In the two years before a Crusade, national leaders organize “mini-rallies” in the host cities, Gilbert said. During the Crusade week, thousands of “foot soldiers” knock on doors and make contacts. Finally, local Christians take the contacts and do follow-up work.
Gilbert“Souls are still being saved in San Antonio,” said Gilbert, referring to the host city for the 2015 Crusade.
A key element of the Crusade was nightly worship, hosted this year in the Charlotte Convention Center. For decades, Jack Evans, former president of Southwestern Christian College in Terrell, Texas, spoke at the services, urging attendees to abandon man-made doctrines and embrace Bible-based Christianity.
Recently, he passed the pulpit to Orpheus J. Heyward, minister for the West End Church of Christ in Atlanta. In “a time in our country when there is great uncertainty,” Heyward said, the people of Charlotte need the simple, powerful truth of Christ.
“Door-knocking provides an opportunity,” Heyward said, “but as we continue to move forward, I hope that we expand our media and use every possible avenue to spread the Gospel. Hopefully, we will let people know that Jesus Christ is the answer to whatever crisis is in their lives.”
Despite advances in social media and communication technology, there’s never been a better time for person-to-person contact, said Daniel Harrison, the Crusade’s founding director, a longtime minister for Churches of Christ in Chicago.
Attitude is equally vital, added Riley. In the past, when church members encountered members of various denominations, “many of them would jump all over them,” he said, leading to doctrinal debates and, too often, closed doors.
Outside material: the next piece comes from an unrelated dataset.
(* Let $n\ge2$ and $\mathcal N=\mathbb R^{2n}$ with coordinates $(q,p)\in\mathbb R^n\times\mathbb R^n$ and symplectic form $\omega=\sum_{i=1}^n dp_i\wedge dq_i$. Let $H_0(q,p)=\frac12|p|^2+v_0(q)$ and $H(q,p)=H_0(q,p)+v(q)$, where $v_0\in C^\infty(\mathbb R^n)$ and $v\in C_0^\infty(\mathbb R^n)$ satisfy $$\sup_{q}\bigl(v_0(q)+\tfrac12\langle q,\nabla v_0(q)\rangle\bigr)<\infty,\qquad \inf_q v_0(q)>-\infty,$$ and let $E\in\mathbb R$ be such that $E$ is not a critical value of $v_0$ or of $v_0+v$, and $E>\sup_q\bigl(v_0(q)+\frac12\langle q,\nabla v_0(q)\rangle\bigr)$. Fix $R\in\mathbb R$ and let $\Gamma=\{(q,p): H_0(q,p)=E,\ \langle q,p\rangle=R\}\subset A_0(E)$. Then Assumption 1 holds at energy $E$ for the pair $H_0,H$, and Assumption 2 holds with this $\Gamma$.
   Context: $\langle\cdot,\cdot\rangle$ is the Euclidean inner product on $\mathbb R^n$. For Hamiltonians $H_0,H$, $X_0,X$ are the Hamiltonian vector fields ($\omega(X_0,\cdot)=-dH_0$, $\omega(X,\cdot)=-dH$) with flows $\Phi^0_t,\Phi_t$; $G(E)=\{H\le E\}$, $A(E)=\{H=E\}$, $G_0(E)=\{H_0\le E\}$, $A_0(E)=\{H_0=E\}$. Assumption 1 (at energy $E$): (i) $dH\neq0$ on $A(E)$, $dH_0\ne0$ on $A_0(E)$; (ii) $\Phi^0_t$ on $A_0(E)$ and $\Phi_t$ on $A(E)$ are defined for all $t\in\mathbb R$; (iii) for every compact $K\subset A_0(E)$ there is $T>0$ with $\Phi^0_t(x)\notin K$ for all $x\in K$, $|t|\ge T$; (iv) $G(E)\cap\operatorname{supp}(H-H_0)$ and $G_0(E)\cap\operatorname{supp}(H-H_0)$ are compact. Assumption 2 (for a set $\Gamma$): $\Gamma\subset A_0(E)$ is a smooth submanifold of dimension $2n-2$ such that (a) $X_0(x)\notin T_x\Gamma$ for all $x\in\Gamma$, and (b) for every $x\in A_0(E)$ there exist a unique $z\in\Gamma$ and a unique $t\in\mathbb R$ with $x=\Phi^0_t(z)$. *)

theory Defs
  imports "HOL-Analysis.Analysis"
begin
Now, “if someone says they attend a certain church, that is a starting point” for faith-filled conversation, he added. For door-knockers, patience and persistence also are important.
Andrew Johnson is living proof.
“I was a hard nut to crack, but she never gave up on me,” Johnson said of his wife, Mae, who began inviting him to church as their relationship began. Married for 16 years, they worship with the Suitland Road Church of Christ in Maryland and traveled to Charlotte for the Crusade.
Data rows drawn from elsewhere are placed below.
(* Let $t\ge 2$ and $s\ge1$ be integers and let $H$ be a $t$-uniform hypergraph on the vertex set $[n]=\{1,\dots,n\}$. Suppose $H$ does not contain a complete $t$-partite hypergraph with parts $V_1,\dots,V_t\subseteq[n]$ such that $|V_i|=s$ for all $i$ and every element of $V_i$ is smaller than every element of $V_j$ whenever $i<j$ (i.e., there are no such sets with every $t$-set $\{v_1,\dots,v_t\}$, $v_i\in V_i$, being an edge of $H$). Then $H$ has at most $2n^{t-\delta}$ edges, where $\delta=\frac{1}{ts^{t-1}}$. *)

theory Defs
  imports Complex_Main
begin

definition uniform_hypergraph :: "nat \<Rightarrow> nat \<Rightarrow> nat set set \<Rightarrow> bool" where
  "uniform_hypergraph t n H \<longleftrightarrow> (\<forall>e\<in>H. e \<subseteq> {1..n} \<and> card e = t)"

definition contains_ordered_Kt_s :: "nat \<Rightarrow> nat \<Rightarrow> nat \<Rightarrow> nat set set \<Rightarrow> bool" where
  "contains_ordered_Kt_s t s n H \<longleftrightarrow>
     (\<exists>V :: nat \<Rightarrow> nat set.
        (\<forall>i<t. V i \<subseteq> {1..n} \<and> card (V i) = s) \<and>
        (\<forall>i j x y. i < j \<and> j < t \<and> x \<in> V i \<and> y \<in> V j \<longrightarrow> x < y) \<and>
        (\<forall>f :: nat \<Rightarrow> nat. (\<forall>i<t. f i \<in> V i) \<longrightarrow> f ` {..<t} \<in> H))"

end

theory Submission
  imports Defs "HOL-Analysis.Analysis"
begin

text \<open>
  Erdos' double counting, by induction on the uniformity \<open>m + 1\<close>.  Split every edge into
  its maximum \<open>v\<close> and the \<open>m\<close>-set \<open>S\<close> below it, and let \<open>d(S)\<close> be the number of such \<open>v\<close>.
  For an \<open>s\<close>-set \<open>T\<close>, the \<open>m\<close>-sets \<open>S\<close> lying below \<open>T\<close> with \<open>S \<union> {v} \<in> H\<close> for all
  \<open>v \<in> T\<close> form an \<open>m\<close>-uniform hypergraph without an ordered \<open>K(s, \<dots>, s)\<close> (else \<open>T\<close>
  could be appended as a last part), so by induction it has at most \<open>F\<close> edges.  Counting
  pairs \<open>(S, T)\<close> gives \<open>\<Sum>S. C(d(S), s) \<le> C(n, s) F\<close>, and convexity turns this into
  \<open>|H| \<le> (s - 1) n\<^sup>m + (n\<^bsup>m(s-1)+s\<^esup> F)\<^bsup>1/s\<^esup>\<close>.  Iterating yields
  \<open>|H| \<le> 2s n\<^bsup>m+1-s\<^sup>-\<^sup>m\<^esup>\<close>.  Weakening the exponent \<open>s\<^bsup>1-t\<^esup>\<close> to
  \<open>\<delta> = 1/(t s\<^bsup>t-1\<^esup>)\<close> absorbs the constants once \<open>n\<^sup>\<delta> > 4\<close>; for \<open>n\<^sup>\<delta> \<le> 4\<close> the
  trivial bound \<open>|H| \<le> n\<^sup>t/2\<close> suffices.
\<close>

lemma convex_on_nonneg_power: "convex_on {0::real..} (\<lambda>x. x ^ n)"
  by (cases "even n") (auto intro: convex_on_subset[OF convex_power_even] convex_power_odd)

lemma sum_power_le_card_power_sum_power:
  fixes y :: "'a \<Rightarrow> real"
  assumes "finite A" and "\<And>a. a \<in> A \<Longrightarrow> y a \<ge> 0" and "s \<ge> 1"
  shows "(\<Sum>a\<in>A. y a) ^ s \<le> real (card A) ^ (s - 1) * (\<Sum>a\<in>A. y a ^ s)"
proof (cases "A = {}")
  case True
  then show ?thesis using assms(3) by (simp add: power_0_left)
next
  case False
  define N where "N = real (card A)"
  have N: "N > 0" using False assms(1) by (simp add: N_def card_gt_0_iff)
  have "(\<Sum>a\<in>A. (1 / N) *\<^sub>R y a) ^ s \<le> (\<Sum>a\<in>A. (1 / N) * y a ^ s)"
    using convex_on_sum[OF assms(1) False convex_on_nonneg_power[of s], of "\<lambda>_. 1 / N" y] assms N False
    by (simp add: N_def)
  then have "(\<Sum>a\<in>A. y a) ^ s / N ^ s \<le> (\<Sum>a\<in>A. y a ^ s) / N"
    by (simp add: power_divide flip: sum_divide_distrib sum_distrib_left)
  moreover have "N ^ s = N * N ^ (s - 1)"
    using assms(3) by (simp flip: power_Suc)
  ultimately show ?thesis
    using N by (simp add: N_def field_simps)
qed

lemma shifted_power_le_fact_binomial:
  "max (real d - real s + 1) 0 ^ s \<le> fact s * real (d choose s)"
proof (cases "s \<le> d")
  case True
  have "Suc (d - s) ^ s = (\<Prod>i\<in>{Suc (d - s)..d}. Suc (d - s))"
    using True by simp
  also have "\<dots> \<le> \<Prod>{Suc (d - s)..d}"
    by (rule prod_mono) auto
  also have "\<Prod>{Suc (d - s)..d} = fact s * (d choose s)"
    using binomial_fact_lemma[OF True] fact_eq_fact_times[of "d - s" d]
    by (simp add: algebra_simps)
  finally have "real (Suc (d - s) ^ s) \<le> real (fact s * (d choose s))"
    by (simp only: of_nat_le_iff)
  then show ?thesis
    using True by (simp add: algebra_simps)
qed (simp add: zero_power)

lemma sum_le_of_sum_binomial_le:
  fixes d :: "'a \<Rightarrow> nat"
  assumes "finite A" and "s \<ge> 1"
    and bound: "fact s * (\<Sum>a\<in>A. real (d a choose s)) \<le> M"
  shows "real (\<Sum>a\<in>A. d a) \<le> real (s - 1) * real (card A) + (real (card A) ^ (s - 1) * M) powr (1 / real s)"
proof -
  define y where "y a = max (real (d a) - real s + 1) 0" for a
  have y_nonneg: "y a \<ge> 0" for a
    by (simp add: y_def)
  have sum_y_nonneg: "(\<Sum>a\<in>A. y a) \<ge> 0"
    by (simp add: sum_nonneg y_nonneg)
  have "real (\<Sum>a\<in>A. d a) - real (s - 1) * real (card A) = (\<Sum>a\<in>A. real (d a) - real s + 1)"
    using assms(2) by (simp add: sum_subtractf sum.distrib algebra_simps)
  also have "\<dots> \<le> (\<Sum>a\<in>A. y a)"
    by (rule sum_mono) (simp add: y_def)
  finally have excess: "real (\<Sum>a\<in>A. d a) - real (s - 1) * real (card A) \<le> (\<Sum>a\<in>A. y a)" .
  have "(\<Sum>a\<in>A. y a ^ s) \<le> (\<Sum>a\<in>A. fact s * real (d a choose s))"
    by (rule sum_mono) (simp add: y_def shifted_power_le_fact_binomial)
  then have sum_y_power: "(\<Sum>a\<in>A. y a ^ s) \<le> M"
    using bound by (simp add: sum_distrib_left)
  have "(\<Sum>a\<in>A. y a) ^ s \<le> real (card A) ^ (s - 1) * (\<Sum>a\<in>A. y a ^ s)"
    using assms(1) y_nonneg assms(2) by (rule sum_power_le_card_power_sum_power)
  also have "\<dots> \<le> real (card A) ^ (s - 1) * M"
    using sum_y_power by (rule mult_left_mono) simp
  finally have "(\<Sum>a\<in>A. y a) ^ s \<le> real (card A) ^ (s - 1) * M" .
  then have "((\<Sum>a\<in>A. y a) ^ s) powr (1 / real s) \<le> (real (card A) ^ (s - 1) * M) powr (1 / real s)"
    using sum_y_nonneg by (intro powr_mono2) auto
  also have "((\<Sum>a\<in>A. y a) ^ s) powr (1 / real s) = (\<Sum>a\<in>A. y a)"
    using sum_y_nonneg assms(2) by (simp add: powr_powr flip: powr_realpow')
  finally show ?thesis
    using excess by linarith
qed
Andrew and Mae Johnson, from Maryland, at the Crusade for Christ.
“Our goal is to plant the seed,” he said.
Another Suitland Road member, Dell Prince, took a week off from his job as a facilities manager at the University of Maryland to bring his wife and four children to the Crusade.
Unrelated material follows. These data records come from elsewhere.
text \<open>Let k = (n - 8) div 3. Both trees are double brooms on 3k + 8 vertices: the first has a
  spine of length k + 3 with k + 2 leaves at each end, the second a spine of length k + 1 with
  k + 3 leaves at each end. Identifying their hubs and leaves gives a cycle of length 2k + 4 with
  pendant leaves, a graph on 4k + 8 vertices that contains each tree k-isometrically, because the
  rest of the cycle is an ear of length k + 1 and never a shortcut. Conversely, a tree on at most
  4k + 8 vertices containing both trees forces the two copies to share 2k + 8 vertices. Then each
  hub of the second copy has three neighbours in the first copy, which in a tree is possible only
  at a hub of the first copy. So the hubs coincide, and the tree would contain two different paths
  between them, of lengths k + 3 and k + 1.\<close>

section \<open>Walks, distances and potentials\<close>

lemma graph_edgeD:
  assumes "graph V E" "{u, w} \<in> E"
  shows "u \<in> V" "w \<in> V" "u \<noteq> w"
proof -
  obtain a b where "a \<noteq> b" "a \<in> V" "b \<in> V" "{u, w} = {a, b}"
    using assms unfolding graph_def by meson
  then show "u \<in> V" "w \<in> V" "u \<noteq> w" by (auto simp: doubleton_eq_iff)
qed

lemma walk_append: "walk E m a b \<Longrightarrow> walk E n b c \<Longrightarrow> walk E (m + n) a c"
  by (induction m arbitrary: a) auto

lemma walk_snoc: "walk E n a b \<Longrightarrow> {b, c} \<in> E \<Longrightarrow> walk E (Suc n) a c"
  using walk_append[of E n a b 1 c] by auto

lemma walk_sym: "walk E n a b \<Longrightarrow> walk E n b a"
proof (induction n arbitrary: a)
  case (Suc n)
  then obtain w where "{a, w} \<in> E" "walk E n w b" by auto
  with Suc.IH show ?case by (metis walk_snoc insert_commute)
qed simp

lemma walk_mono: "walk E n a b \<Longrightarrow> E \<subseteq> E' \<Longrightarrow> walk E' n a b"
  by (induction n arbitrary: a) auto

lemma walk_potential_bound:
  assumes "\<And>x y. {x, y} \<in> E \<Longrightarrow> \<phi> x \<le> \<phi> y + 1" and "walk E n a b"
  shows "\<phi> b \<le> \<phi> a + n"
  using assms(2)
proof (induction n arbitrary: a)
  case (Suc n)
  then obtain w where w: "{a, w} \<in> E" "walk E n w b" by auto
  from Suc.IH[OF w(2)] have "\<phi> b \<le> \<phi> w + n" .
  moreover have "\<phi> w \<le> \<phi> a + 1" using assms(1) w(1) by (simp add: insert_commute)
  ultimately show ?case by simp
qed simp

lemma gdist_le_walk: "walk E n u v \<Longrightarrow> gdist E u v \<le> enat n"
  unfolding gdist_def by (auto intro: Least_le)

lemma gdist_le_enat_obtains_walk:
  assumes "gdist E u v \<le> enat k"
  obtains m where "m \<le> k" "walk E m u v" "gdist E u v = enat m"
proof -
  have ex: "\<exists>n. walk E n u v"
    using assms unfolding gdist_def by (auto split: if_splits)
  show thesis
  proof
    show "walk E (LEAST n. walk E n u v) u v" using ex by (rule LeastI_ex)
    show "gdist E u v = enat (LEAST n. walk E n u v)" using ex unfolding gdist_def by simp
    then show "(LEAST n. walk E n u v) \<le> k" using assms by simp
  qed
qed

lemma gdist_antimono:
  assumes "E \<subseteq> E'"
  shows "gdist E' u v \<le> gdist E u v"
proof (cases "\<exists>n. walk E n u v")
  case True
  then have "walk E (LEAST n. walk E n u v) u v" by (rule LeastI_ex)
  then have "walk E' (LEAST n. walk E n u v) u v" using assms by (rule walk_mono)
  then show ?thesis using True unfolding gdist_def[of E] by (simp add: gdist_le_walk)
qed (simp add: gdist_def)

lemma k_isometric_if_potentials:
  assumes "EH \<subseteq> EU"
    and "\<And>u. u \<in> VH \<Longrightarrow> \<exists>\<phi>. \<phi> u = 0 \<and> (\<forall>x y. {x, y} \<in> EU \<longrightarrow> \<phi> x \<le> \<phi> y + 1)
           \<and> (\<forall>v\<in>VH. \<phi> v \<le> k \<longrightarrow> walk EH (\<phi> v) u v)"
  shows "k_isometric k VH EH EU"
  unfolding k_isometric_def
proof (intro ballI impI)
  fix u v assume u: "u \<in> VH" and v: "v \<in> VH" and close: "gdist EU u v \<le> enat k"
  obtain m where "m \<le> k" and m: "walk EU m u v" and dist: "gdist EU u v = enat m"
    using close by (rule gdist_le_enat_obtains_walk)
  obtain \<phi> where "\<phi> u = 0" and lip: "\<forall>x y. {x, y} \<in> EU \<longrightarrow> \<phi> x \<le> \<phi> y + 1"
    and short: "\<forall>v\<in>VH. \<phi> v \<le> k \<longrightarrow> walk EH (\<phi> v) u v"
    using assms(2)[OF u] by blast
  have "\<phi> v \<le> m" using walk_potential_bound[OF _ m, of \<phi>] lip \<open>\<phi> u = 0\<close> by simp
  with \<open>m \<le> k\<close> short v have "walk EH (\<phi> v) u v" by simp
  then have "gdist EH u v \<le> enat (\<phi> v)" by (rule gdist_le_walk)
  also have "\<dots> \<le> gdist EU u v" using \<open>\<phi> v \<le> m\<close> dist by simp
  finally show "gdist EH u v = gdist EU u v"
    using gdist_antimono[OF assms(1)] by (rule antisym)
qed

definition trunc_dist :: "nat \<Rightarrow> 'a set set \<Rightarrow> 'a \<Rightarrow> 'a \<Rightarrow> nat" where
  "trunc_dist k E u v = (LEAST m. m = k + 1 \<or> walk E m u v)"

lemma trunc_dist_le: "trunc_dist k E u v \<le> k + 1"
  unfolding trunc_dist_def by (rule Least_le) simp

lemma trunc_dist_self: "trunc_dist k E u u = 0"
  unfolding trunc_dist_def by (rule Least_eq_0) simp

lemma walk_trunc_dist: "trunc_dist k E u v \<le> k \<Longrightarrow> walk E (trunc_dist k E u v) u v"
  using LeastI[of "\<lambda>m. m = k + 1 \<or> walk E m u v" "k + 1"] unfolding trunc_dist_def by auto

lemma trunc_dist_edge: "{x, y} \<in> E \<Longrightarrow> trunc_dist k E u y \<le> trunc_dist k E u x + 1"
proof (cases "trunc_dist k E u x \<le> k")
  case True
  assume "{x, y} \<in> E"
  from walk_trunc_dist[OF True] this have "walk E (Suc (trunc_dist k E u x)) u y" by (rule walk_snoc)
  then have "trunc_dist k E u y \<le> Suc (trunc_dist k E u x)"
    unfolding trunc_dist_def[of k E u y] by (rule Least_le[OF disjI2])
  then show ?thesis by simp
next
  case False
  then show ?thesis using trunc_dist_le[of k E u y] by simp
qed

lemma min_le_min_add: "(x::nat) \<le> x' + c \<Longrightarrow> y \<le> y' + c \<Longrightarrow> min x y \<le> min x' y' + c"
  by (simp add: min_def)

text \<open>The potential of a vertex is its distance from u in H truncated at k + 1; on the ear it is
  the truncated distance through the nearer end. Since the ear is longer than k, it is never a
  shortcut between vertices of H at distance at most k.\<close>
lemma k_isometric_add_ear:
  fixes \<sigma> :: "nat \<Rightarrow> 'a"
  assumes H: "graph VH EH" "EH \<subseteq> EU"
    and ear: "EU \<subseteq> EH \<union> {{\<sigma> i, \<sigma> (Suc i)} | i. i < l}"
    and ends: "\<sigma> 0 \<in> VH" "\<sigma> l \<in> VH"
    and inner: "\<And>i. 0 < i \<Longrightarrow> i < l \<Longrightarrow> \<sigma> i \<notin> VH"
    and inj: "inj_on \<sigma> {0<..<l}"
    and long: "k < l"
  shows "k_isometric k VH EH EU"
proof (rule k_isometric_if_potentials[OF H(2)])
  fix u assume "u \<in> VH"
  define \<delta> where "\<delta> = trunc_dist k EH u"
  define \<psi> where "\<psi> = (\<lambda>i. min (k + 1) (min (\<delta> (\<sigma> 0) + i) (\<delta> (\<sigma> l) + (l - i))))"
  define \<phi> where "\<phi> z = (if z \<in> VH then \<delta> z else \<psi> (the_inv_into {0<..<l} \<sigma> z))" for z
  have \<delta>_le: "\<delta> z \<le> k + 1" for z
    unfolding \<delta>_def by (rule trunc_dist_le)
  have \<psi>_ends: "\<psi> 0 = \<delta> (\<sigma> 0)" "\<psi> l = \<delta> (\<sigma> l)"
    using \<delta>_le[of "\<sigma> 0"] \<delta>_le[of "\<sigma> l"] long by (simp_all add: \<psi>_def min_def)
  have \<psi>_step: "\<psi> i \<le> \<psi> (Suc i) + 1" "\<psi> (Suc i) \<le> \<psi> i + 1" if "i < l" for i
    unfolding \<psi>_def using that by (intro min_le_min_add; linarith)+
  have \<phi>_ear: "\<phi> (\<sigma> i) = \<psi> i" if "i \<le> l" for i
  proof (cases "0 < i \<and> i < l")
    case True
    then show ?thesis using inner inj by (simp add: \<phi>_def the_inv_into_f_f)
  next
    case False
    with that have "i = 0 \<or> i = l" by auto
    then show ?thesis using \<psi>_ends ends unfolding \<phi>_def by auto
  qed
  have lip: "\<phi> x \<le> \<phi> y + 1" if "{x, y} \<in> EU" for x y
  proof -
    from that ear consider "{y, x} \<in> EH" | i where "i < l" "{x, y} = {\<sigma> i, \<sigma> (Suc i)}"
      by (auto simp: insert_commute)
    then show ?thesis
    proof cases
      case 1
      then have "x \<in> VH" "y \<in> VH" using graph_edgeD[OF H(1)] by blast+
      with 1 show ?thesis unfolding \<phi>_def \<delta>_def using trunc_dist_edge by simp
    next
      case 2
      then show ?thesis using \<phi>_ear[of i] \<phi>_ear[of "Suc i"] \<psi>_step[of i]
        by (auto simp: doubleton_eq_iff)
    qed
  qed
  have "\<phi> u = 0" using \<open>u \<in> VH\<close> by (simp add: \<phi>_def \<delta>_def trunc_dist_self)
  moreover have "walk EH (\<phi> v) u v" if "v \<in> VH" "\<phi> v \<le> k" for v
    using that by (simp add: \<phi>_def \<delta>_def walk_trunc_dist)
  ultimately show "\<exists>\<phi>. \<phi> u = 0 \<and> (\<forall>x y. {x, y} \<in> EU \<longrightarrow> \<phi> x \<le> \<phi> y + 1)
      \<and> (\<forall>v\<in>VH. \<phi> v \<le> k \<longrightarrow> walk EH (\<phi> v) u v)"
    using lip by blast
qed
“I am doing the Great Commission, sharing the Gospel with all people,” he said. “Personal contact is really good — complete with a warm smile.”
‘YOUR WORK IS NOT IN VAIN’
Eventually, doors did open for Cooper and her fellow Christians as they crisscrossed the Charlotte metro and other communities. Foot soldiers knocked on 4,300 doors, including those in the neighborhoods surrounding the Southern Hills Church of Christ, southwest of downtown, and the Crawford Road Church of Christ, just across the state line in Rock Hill, S.C.
Each night, visitors heard the Gospel at the convention center. Baptisms followed — about 10 during the week, added to the 44 since the campaign was announced in 2015.
Even one of the security guards on duty at the convention center was immersed — after getting permission from her supervisor.
“This is the culmination of a lot of effort by the ministries in the Charlotte area,” said Derek Franklin, minister for the Crawford Road church. “It has been the fulfillment of a lot of hard work, and my hope No. 1 is that people will come to know the Church of Christ and know what we stand for.”
To that end, the crusaders distributed 40,000 pounds of potatoes to people in need during the campaign and hosted a health fair at the meeting place of the Sugar Creek Church of Christ in Charlotte.
Growth here may be slow, but it happens, said Mayberry, who has seen the membership of the Northside church increase from 60 to 200 in his years with the congregation. Thanks to the Crusade for Christ, he’s sure that growth will continue.
“I want to say thanks and to tell you that your work is not in vain,” he told the foot soldiers as the Crusade concluded. “We will water the seeds that you planted. This was the perfect time to come.”